On the other hand, the NDP has a history of limiting the space for left critiques and activism within its caucus. Leader Horwath has already made moves to limit the party’s role to being an official parliamentary opposition and a government-in-waiting. This doesn’t bode well for the NDP’s potential role in any movement.
But it is critical not to subordinate any movement’s autonomy or leadership to that of a moderate, electoral political party like the NDP. It is important to keep in mind that the latter only became the center of electoral opposition to Ford because of the collapse of the Liberals and the lack of any real left alternative.
Most important is to build what was completely lacking in the last major popular push against the Harris years: socialists have to work with allies to change the opinions and understanding of working people who look to the false solutions of Ford. This can’t be done in isolation, but as part of building an alternative resistance in unions, communities, and other working-class spaces and institutions.
It means combining socialist principles with deeper education about the causes and solutions to challenges posed by neoliberalism, along with learning about right-wing populism and its agenda. Socialists need to argue that a clear analysis of the conjuncture and of the nature of our forces and those on the other side is essential in building solid resistance. This has to be done inside and alongside unions and working-class institutions and spaces and social movements, around all kinds of issues that have a class component: housing, transportation, education, workplace issues, jobs, social programs, racism, sexism, homophobia, and more.
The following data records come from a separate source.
definition quasiconcave :: "ereal \<Rightarrow> (real \<Rightarrow> real) \<Rightarrow> bool" where
  "quasiconcave R \<phi> \<longleftrightarrow>
     (\<forall>t. 0 \<le> t \<and> ereal t < R \<longrightarrow> 0 \<le> \<phi> t \<and> (\<phi> t = 0 \<longleftrightarrow> t = 0)) \<and>
     (\<forall>s t. 0 \<le> s \<and> s \<le> t \<and> ereal t < R \<longrightarrow> \<phi> s \<le> \<phi> t) \<and>
     (\<forall>s t. 0 < s \<and> s \<le> t \<and> ereal t < R \<longrightarrow> \<phi> t / t \<le> \<phi> s / s)"

definition B_condition :: "ereal \<Rightarrow> (real \<Rightarrow> real) \<Rightarrow> bool" where
  "B_condition R \<phi> \<longleftrightarrow> (\<exists>C>0. \<forall>t \<in> ivl R.
     ennreal (1 / t) * (\<integral>\<^sup>+ s \<in> {0<..<t}. ennreal (1 / \<phi> s) \<partial>lborel)
       \<le> ennreal (C / \<phi> t))"

definition S_op :: "ereal \<Rightarrow> (real \<Rightarrow> real) \<Rightarrow> (real \<Rightarrow> ennreal) \<Rightarrow> real \<Rightarrow> ennreal" where
  "S_op R \<phi> f t = ennreal (1 / \<phi> t) * (SUP s \<in> {0<..<t}. ennreal (\<phi> s) * fstar R f s)"

definition M_norm :: "ereal \<Rightarrow> (real \<Rightarrow> real) \<Rightarrow> (real \<Rightarrow> ennreal) \<Rightarrow> ennreal" where
  "M_norm R \<phi> f = (SUP s \<in> ivl R. ennreal (\<phi> s) * fstarstar R f s)"

definition M_space :: "ereal \<Rightarrow> (real \<Rightarrow> real) \<Rightarrow> (real \<Rightarrow> ennreal) set" where
  "M_space R \<phi> = {f. meas_ae_finite R f \<and> M_norm R \<phi> f < \<infinity>}"

definition Linf_norm :: "ereal \<Rightarrow> (real \<Rightarrow> ennreal) \<Rightarrow> ennreal" where
  "Linf_norm R f = Inf {c. AE x in lebesgue. x \<in> ivl R \<longrightarrow> f x \<le> c}"

definition Linf_space :: "ereal \<Rightarrow> (real \<Rightarrow> ennreal) set" where
  "Linf_space R = {f. meas_ae_finite R f \<and> Linf_norm R f < \<infinity>}"

definition bounded_op ::
  "((real \<Rightarrow> ennreal) \<Rightarrow> (real \<Rightarrow> ennreal)) \<Rightarrow> (real \<Rightarrow> ennreal) set \<Rightarrow> ((real \<Rightarrow> ennreal) \<Rightarrow> ennreal)
   \<Rightarrow> (real \<Rightarrow> ennreal) set \<Rightarrow> ((real \<Rightarrow> ennreal) \<Rightarrow> ennreal) \<Rightarrow> bool" where
  "bounded_op T X nX Y nY \<longleftrightarrow>
     (\<exists>C::real. 0 \<le> C \<and> (\<forall>f \<in> X. T f \<in> Y \<and> nY (T f) \<le> ennreal C * nX f))"

end

theory Submission
  imports Defs
begin

text \<open>Since f* \<le> f**, the definition of S_\<phi> gives S_\<phi> f \<le> \<parallel>f\<parallel>_M / \<phi>; a function dominated by the
  non-increasing function 1/\<phi> has its rearrangement dominated by it too, so
  \<phi>(t) (S_\<phi> f)**(t) \<le> \<parallel>f\<parallel>_M (\<phi>(t)/t) \<integral>[0,t] 1/\<phi>, which the B-condition bounds by C \<parallel>f\<parallel>_M.
  Conversely, the indicator \<chi> of (0,a) has M_\<phi>-norm at most \<phi>(a), while quasiconcavity gives
  (S_\<phi> \<chi>)*(s) \<ge> \<phi>(a)/(4\<phi>(s)) for s > a. Boundedness of S_\<phi> therefore bounds \<integral>[a,t] 1/\<phi>
  by 4Ct/\<phi>(t) uniformly in a, and letting a \<rightarrow> 0 yields the B-condition.
  The L^\<infinity> bound is immediate from f* \<le> \<parallel>f\<parallel>_\<infinity> and the monotonicity of \<phi>.\<close>

lemma ivl_pos: "t \<in> ivl R \<Longrightarrow> 0 < t"
  by (simp add: ivl_def)

lemma ivl_downward_closed: "t \<in> ivl R \<Longrightarrow> 0 < s \<Longrightarrow> s \<le> t \<Longrightarrow> s \<in> ivl R"
  unfolding ivl_def by (auto intro: le_less_trans[of _ "ereal _"])

lemma Ioo_subset_ivl: "t \<in> ivl R \<Longrightarrow> 0 \<le> a \<Longrightarrow> {a<..<t} \<subseteq> ivl R"
  using ivl_downward_closed by force

lemma is_interval_ivl: "is_interval (ivl R)"
  unfolding is_interval_1 ivl_def by (auto intro: le_less_trans[of _ "ereal _"])

lemma ivl_borel [measurable]: "ivl R \<in> sets borel"
  by (rule real_interval_borel_measurable[OF is_interval_ivl])

lemma ivl_obtain_greater:
  assumes "s \<in> ivl R"
  obtains s' where "s' \<in> ivl R" "s < s'" "s' \<le> 2 * s"
proof -
  obtain r where r: "ereal s < ereal r" "ereal r < R"
    using assms ereal_dense2 unfolding ivl_def by blast
  have "min r (2 * s) \<in> ivl R"
    using assms r unfolding ivl_def by (auto intro: le_less_trans[of _ "ereal r"])
  moreover have "s < min r (2 * s)" using assms r by (auto simp: ivl_def)
  ultimately show thesis by (intro that) auto
qed

lemma quasiconcave_pos: "quasiconcave R \<phi> \<Longrightarrow> t \<in> ivl R \<Longrightarrow> 0 < \<phi> t"
  unfolding quasiconcave_def ivl_def by (metis less_eq_real_def mem_Collect_eq order_less_irrefl)

lemma quasiconcave_mono:
  "quasiconcave R \<phi> \<Longrightarrow> 0 \<le> s \<Longrightarrow> s \<le> t \<Longrightarrow> t \<in> ivl R \<Longrightarrow> \<phi> s \<le> \<phi> t"
  unfolding quasiconcave_def ivl_def by auto

lemma quasiconcave_le_scaled:
  assumes "quasiconcave R \<phi>" "0 < s" "s \<le> t" "t \<in> ivl R"
  shows "\<phi> t \<le> t / s * \<phi> s"
proof -
  have "\<phi> t / t \<le> \<phi> s / s" using assms unfolding quasiconcave_def ivl_def by auto
  then show ?thesis using assms by (simp add: field_simps)
qed

lemma quasiconcave_le_double:
  assumes "quasiconcave R \<phi>" "0 < s" "s \<le> t" "t \<le> 2 * s" "t \<in> ivl R"
  shows "\<phi> t \<le> 2 * \<phi> s"
proof -
  have "\<phi> t \<le> t / s * \<phi> s" using quasiconcave_le_scaled assms by blast
  also have "\<dots> \<le> 2 * \<phi> s"
    using assms quasiconcave_pos[of R \<phi> s] ivl_downward_closed[of t R s]
    by (intro mult_right_mono) (auto simp: field_simps)
  finally show ?thesis .
qed

lemma borel_measurable_mono_ennreal:
  fixes G :: "real \<Rightarrow> ennreal"
  assumes "mono G"
  shows "G \<in> borel_measurable borel"
proof (rule borel_measurableI_greater)
  fix y
  have "is_interval {x. y < G x}"
    unfolding is_interval_1 using assms by (auto simp: mono_def intro: less_le_trans)
  then show "{x \<in> space borel. y < G x} \<in> sets borel"
    using real_interval_borel_measurable by simp
qed

lemma inverse_quasiconcave_measurable:
  assumes "quasiconcave R \<phi>"
  shows "(\<lambda>x. ennreal (1 / \<phi> x)) \<in> borel_measurable (restrict_space borel (ivl R))"
proof -
  have [measurable]: "\<phi> \<in> borel_measurable (restrict_space borel (ivl R))"
    using assms by (intro borel_measurable_mono_on_fnc)
      (auto simp: mono_on_def ivl_def intro: quasiconcave_mono)
  show ?thesis by measurable
qed

lemma inverse_quasiconcave_indicator_measurable:
  assumes "quasiconcave R \<phi>" "A \<subseteq> ivl R" "A \<in> sets borel"
  shows "(\<lambda>x. ennreal (1 / \<phi> x) * indicator A x) \<in> borel_measurable borel"
  using measurable_restrict_mono[OF inverse_quasiconcave_measurable[OF assms(1)] assms(2)]
  by (subst (asm) borel_measurable_restrict_space_iff_ennreal) (use assms(3) in auto)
Upcoming municipal elections across Ontario in October provide a potential space to mobilize resistance across the province if the left can build sectoral networks around the above issues, in alliance with elected officials, candidates, and community and labor activists.
Socialist organizations and individuals are small and isolated. We can’t control the larger course of events, but we can contribute towards building a countermovement against Ford and the broader right-wing populist push he represents — a movement that can ultimately move from playing defense against these forces to offense.